Manual typewriter with lightest touch/shortest key throw?

Last year I bought a newly reconditioned Hermes Rocket and was a bit shocked to find just how deep the key throw was (for such a small typewriter), and how much force was required to get a character onto the page, even with a fresh ribbon. Granted, my fingers are used to computer keyboards, and I know manuals are worlds away from anything you can really touch type on, but surely there are vintage manuals that don't require vigorous mashing of the keys.

So this leads me to wonder which manual typewriter has the strongest reputation for requiring the least amount of force (and therefore probably also has the shortest key throw).

 

23-7-2018 14:13:38  #2


Re: Manual typewriter with lightest touch/shortest key throw?

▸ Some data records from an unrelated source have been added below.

lemma offcritical_zero_stable:
  assumes Qm: "Q meromorphic_on UNIV" and Qnz: "not_ident_zero Q"
    and f: "f \<in> MQ Q" and z0: "Re z0 \<noteq> 1/2" "mero_zero (Lambda_Q Q f) z0"
  shows "\<exists>K e. compact K \<and> e > 0 \<and> mero_nbhd (MQ Q) f K e \<subseteq> MQ Q - RMQ Q"
proof -
  have fm: "f meromorphic_on UNIV" and fnz: "not_ident_zero f"
    using f by (auto simp: MQ_def nicely_meromorphic_on_def)
  have "open {s. Re s \<noteq> 1/2}" by (intro open_Collect_neq continuous_intros)
  from eventually_at_in_open'[OF this] have "\<forall>\<^sub>F s in at z0. Re s \<noteq> 1/2" using z0(1) by simp
  hence "\<forall>\<^sub>F s in at z0. Re s \<noteq> 1/2 \<and> f analytic_on {s} \<and> f s \<noteq> 0 \<and> Q analytic_on {s} \<and> Q s \<noteq> 0"
    using eventually_analytic_at_if_meromorphic[OF fm] eventually_nonzero_if_not_ident_zero[OF fm fnz]
      eventually_analytic_at_if_meromorphic[OF Qm] eventually_nonzero_if_not_ident_zero[OF Qm Qnz]
    by eventually_elim blast
  then obtain r where r: "r > 0" and good: "\<forall>s\<in>cball z0 r - {z0}.
      Re s \<noteq> 1/2 \<and> f analytic_on {s} \<and> f s \<noteq> 0 \<and> Q analytic_on {s} \<and> Q s \<noteq> 0"
    using eventually_at_imp_punctured_cball by blast
  have "continuous_on (sphere z0 r) (\<lambda>s. norm (f s))"
    using good r by (intro continuous_at_imp_continuous_on ballI continuous_norm analytic_at_imp_isCont) auto
  moreover have "sphere z0 r \<noteq> {}" using r by simp
  ultimately obtain x0 where x0: "x0 \<in> sphere z0 r" "\<And>y. y \<in> sphere z0 r \<Longrightarrow> norm (f x0) \<le> norm (f y)"
    using continuous_attains_inf[OF compact_sphere] by blast
  have e: "norm (f x0) > 0" using good x0(1) r by auto
  have "mero_nbhd (MQ Q) f (cball z0 r) (norm (f x0)) \<subseteq> MQ Q - RMQ Q"
  proof
    fix g assume "g \<in> mero_nbhd (MQ Q) f (cball z0 r) (norm (f x0))"
    hence gM: "g \<in> MQ Q"
      and close: "\<forall>z\<in>cball z0 r. \<exists>c. ((\<lambda>w. f w - g w) \<longlongrightarrow> c) (at z) \<and> norm c < norm (f x0)"
      by (auto simp: mero_nbhd_def)
    have "g nicely_meromorphic_on UNIV" using gM by (simp add: MQ_def)
    moreover have "\<forall>s\<in>cball z0 r - {z0}. f analytic_on {s} \<and> Q analytic_on {s} \<and> Q s \<noteq> 0"
      using good by blast
    ultimately obtain z where "z \<in> cball z0 r" "mero_zero (Lambda_Q Q g) z"
      using mero_zero_Lambda_Q_persists[OF Qm r _ z0(2) _ close x0(2)] by blast
    moreover from this(1) have "Re z \<noteq> 1/2" using good z0(1) by (cases "z = z0") auto
    ultimately show "g \<in> MQ Q - RMQ Q" unfolding RMQ_def using gM by blast
  qed
  with e show ?thesis by (intro exI[of _ "cball z0 r"] exI[of _ "norm (f x0)"]) simp
qed

lemma tendsto_mult_power_at_meromorphic:
  fixes f :: "complex \<Rightarrow> complex"
  assumes "f meromorphic_on {b}"
  shows "\<exists>n c. ((\<lambda>w. f w * (w - b) ^ n) \<longlongrightarrow> c) (at b)"
proof (cases "is_pole f b")
  case False
  then obtain c where "(f \<longlongrightarrow> c) (at b)"
    using meromorphic_on_not_essential[OF assms] unfolding not_essential_def by blast
  thus ?thesis by (intro exI[of _ 0] exI[of _ c]) simp
next
  case True
  have iso: "isolated_singularity_at f b"
    using assms by (rule meromorphic_on_isolated_singularity)
  have "\<exists>\<^sub>F w in at b. f w \<noteq> 0"
    using non_zero_neighbour_pole[OF True] by (rule eventually_frequently[OF at_neq_bot])
  then obtain r where "r > 0" "zor_poly f b holomorphic_on cball b r"
    using zorder_exist[OF iso is_pole_imp_not_essential[OF True]] by blast
  hence "isCont (zor_poly f b) b"
    by (intro continuous_on_interior[OF holomorphic_on_imp_continuous_on]) auto
  hence "(zor_poly f b \<longlongrightarrow> zor_poly f b b) (at b)" by (rule isContD)
  hence "((\<lambda>w. f w * (w - b) ^ nat (- zorder f b)) \<longlongrightarrow> zor_poly f b b) (at b)"
    by (rule Lim_transform_eventually[OF _ zor_poly_pole_eq[OF iso True]])
  thus ?thesis by blast
qed

lemma uniform_pole_order_bound:
  fixes f :: "complex \<Rightarrow> complex"
  assumes "f meromorphic_on P" "finite P"
  shows "\<exists>N. \<forall>b\<in>P. \<exists>c. ((\<lambda>w. f w * (w - b) ^ N) \<longlongrightarrow> c) (at b)"
proof -
  have "\<forall>b\<in>P. \<exists>n c. ((\<lambda>w. f w * (w - b) ^ n) \<longlongrightarrow> c) (at b)"
    using assms(1) by (auto intro: tendsto_mult_power_at_meromorphic meromorphic_on_subset)
  then obtain n c where nc: "\<And>b. b \<in> P \<Longrightarrow> ((\<lambda>w. f w * (w - b) ^ n b) \<longlongrightarrow> c b) (at b)"
    by metis
  define N where "N = sum n P"
  have "((\<lambda>w. f w * (w - b) ^ N) \<longlongrightarrow> c b * 0 ^ (N - n b)) (at b)" if b: "b \<in> P" for b
  proof -
    have le: "n b \<le> N" unfolding N_def using assms(2) b by (intro member_le_sum) auto
    have "((\<lambda>w. (f w * (w - b) ^ n b) * (w - b) ^ (N - n b)) \<longlongrightarrow> c b * (b - b) ^ (N - n b)) (at b)"
      by (intro tendsto_intros nc b)
    moreover have "(f w * (w - b) ^ n b) * (w - b) ^ (N - n b) = f w * (w - b) ^ N" for w
      using le by (simp add: mult.assoc flip: power_add)
    ultimately show ?thesis by simp
  qed
  thus ?thesis by blast
qed

lemma bounded_limits_on_compact:
  fixes G :: "complex \<Rightarrow> complex"
  assumes G: "G meromorphic_on K" and K: "compact K" and lim: "\<forall>z\<in>K. \<exists>L. (G \<longlongrightarrow> L) (at z)"
  shows "\<exists>B>0. \<forall>z\<in>K. \<exists>L. (G \<longlongrightarrow> L) (at z) \<and> norm L \<le> B"
proof -
  have iso: "isolated_singularity_at G z" if "z \<in> K" for z
    using meromorphic_on_subset[OF G] that by (intro meromorphic_on_isolated_singularity) auto
  have lim': "(G \<longlongrightarrow> remove_sings G z) (at z)" if "z \<in> K" for z
    using lim that remove_sings_eqI by fastforce
  have "continuous_on K (remove_sings G)"
    using iso lim' by (intro continuous_at_imp_continuous_on ballI analytic_at_imp_isCont remove_sings_analytic_at)
  hence "bounded (remove_sings G ` K)"
    using K by (intro compact_imp_bounded compact_continuous_image)
  then obtain B where "B > 0" "\<forall>z\<in>K. norm (remove_sings G z) \<le> B"
    unfolding bounded_pos by blast
  with lim' show ?thesis by blast
qed

lemma finite_zeros_reflected_prod:
  fixes P :: "complex set"
  assumes "finite P"
  shows "finite {s. (\<Prod>b\<in>P. ((s - b) * (1 - s - b)) ^ N) = 0}"
proof (rule finite_subset)
  show "{s. (\<Prod>b\<in>P. ((s - b) * (1 - s - b)) ^ N) = 0} \<subseteq> P \<union> (\<lambda>b. 1 - b) ` P"
  proof
    fix s assume "s \<in> {s. (\<Prod>b\<in>P. ((s - b) * (1 - s - b)) ^ N) = 0}"
    then obtain b where b: "b \<in> P" "(s - b) * (1 - s - b) = 0"
      using assms by (auto simp: prod_zero_iff)
    hence "s = b \<or> 1 - s = b" by simp
    hence "s = b \<or> s = 1 - b" by auto
    with b(1) show "s \<in> P \<union> (\<lambda>b. 1 - b) ` P" by auto
  qed
qed (use assms in simp)

lemma symmetric_pole_clearing:
  fixes f :: "complex \<Rightarrow> complex"
  assumes fm: "f meromorphic_on UNIV" and K: "compact K"
  shows "\<exists>p B. p analytic_on UNIV \<and> (\<forall>s. p (1 - s) = p s) \<and> finite {s. p s = 0} \<and> B > 0 \<and>
             (\<forall>z\<in>K. \<exists>L. ((\<lambda>w. f w * p w) \<longlongrightarrow> L) (at z) \<and> norm L \<le> B)"
proof -
  define P where "P = K \<inter> {w. \<not> f analytic_on {w}}"
  have finP: "finite P"
    unfolding P_def using K meromorphic_on_imp_sparse_singularities[OF fm]
    by (intro sparse_in_compact_finite) (auto elim: sparse_in_subset)
  obtain N where N: "\<And>b. b \<in> P \<Longrightarrow> \<exists>c. ((\<lambda>w. f w * (w - b) ^ N) \<longlongrightarrow> c) (at b)"
    using uniform_pole_order_bound[OF meromorphic_on_subset[OF fm] finP] by blast
  define p where "p = (\<lambda>s. \<Prod>b\<in>P. ((s - b) * (1 - s - b)) ^ N)"
  have p_an: "p analytic_on UNIV" unfolding p_def by (intro analytic_intros)
  have "p (1 - s) = p s" for s
    unfolding p_def by (intro prod.cong) (auto simp: algebra_simps)
  moreover have "finite {s. p s = 0}"
    unfolding p_def using finP by (rule finite_zeros_reflected_prod)
  moreover have "\<exists>L. ((\<lambda>w. f w * p w) \<longlongrightarrow> L) (at z)" if z: "z \<in> K" for z
  proof (cases "z \<in> P")
    case True
    obtain c where c: "((\<lambda>w. f w * (w - z) ^ N) \<longlongrightarrow> c) (at z)" using N[OF True] by blast
    define q where "q = (\<lambda>s. (1 - s - z) ^ N * (\<Prod>b\<in>P - {z}. ((s - b) * (1 - s - b)) ^ N))"
    have "isCont q z" unfolding q_def by (intro continuous_intros)
    hence "((\<lambda>w. (f w * (w - z) ^ N) * q w) \<longlongrightarrow> c * q z) (at z)"
      using c by (intro tendsto_mult isContD)
    moreover have "(f w * (w - z) ^ N) * q w = f w * p w" for w
      unfolding p_def q_def using finP True by (simp add: prod.remove power_mult_distrib mult_ac)
    ultimately show ?thesis by auto
  next
    case False
    with z have "f analytic_on {z}" by (simp add: P_def)
    moreover have "p analytic_on {z}" using p_an by (rule analytic_on_subset) simp
    ultimately have "isCont (\<lambda>w. f w * p w) z"
      by (intro continuous_mult analytic_at_imp_isCont)
    thus ?thesis by (auto dest: isContD)
  qed
  moreover have "(\<lambda>w. f w * p w) meromorphic_on K"
    using meromorphic_on_mult[OF fm analytic_on_imp_meromorphic_on[OF p_an]]
    by (rule meromorphic_on_subset) simp
  ultimately show ?thesis using p_an bounded_limits_on_compact[OF _ K] by meson
qed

Some manual typewriters (e.g. Olympia's SG1) have touch regulators that allow you to tune the amount of force required. However, you might actually better be served with an electric typewriter. They usually have much lighter touch than manual typewriters (note electric does not mean electronic, that's something entirely different with typewriters).
 

 

23-7-2018 16:19:45  #3


Re: Manual typewriter with lightest touch/shortest key throw?

My first question would be to determine who had 'reconditioned' the typewriter, and what exactly was the scope of work performed. There are a great number of typewriter sellers out there who make ridiculous claims when it comes to the condition of the machine they're selling, and who also consider a cursory cleaning to be something that qualifies as reconditioning. Given that a Hermes ultra-portable has a fairly light touch, and in no way should require "force" or "vigorous mashing" to use, it sounds like this particular example is in need of service, because the OP's description of its type action is not reflective of how the typewriter would have originally performed.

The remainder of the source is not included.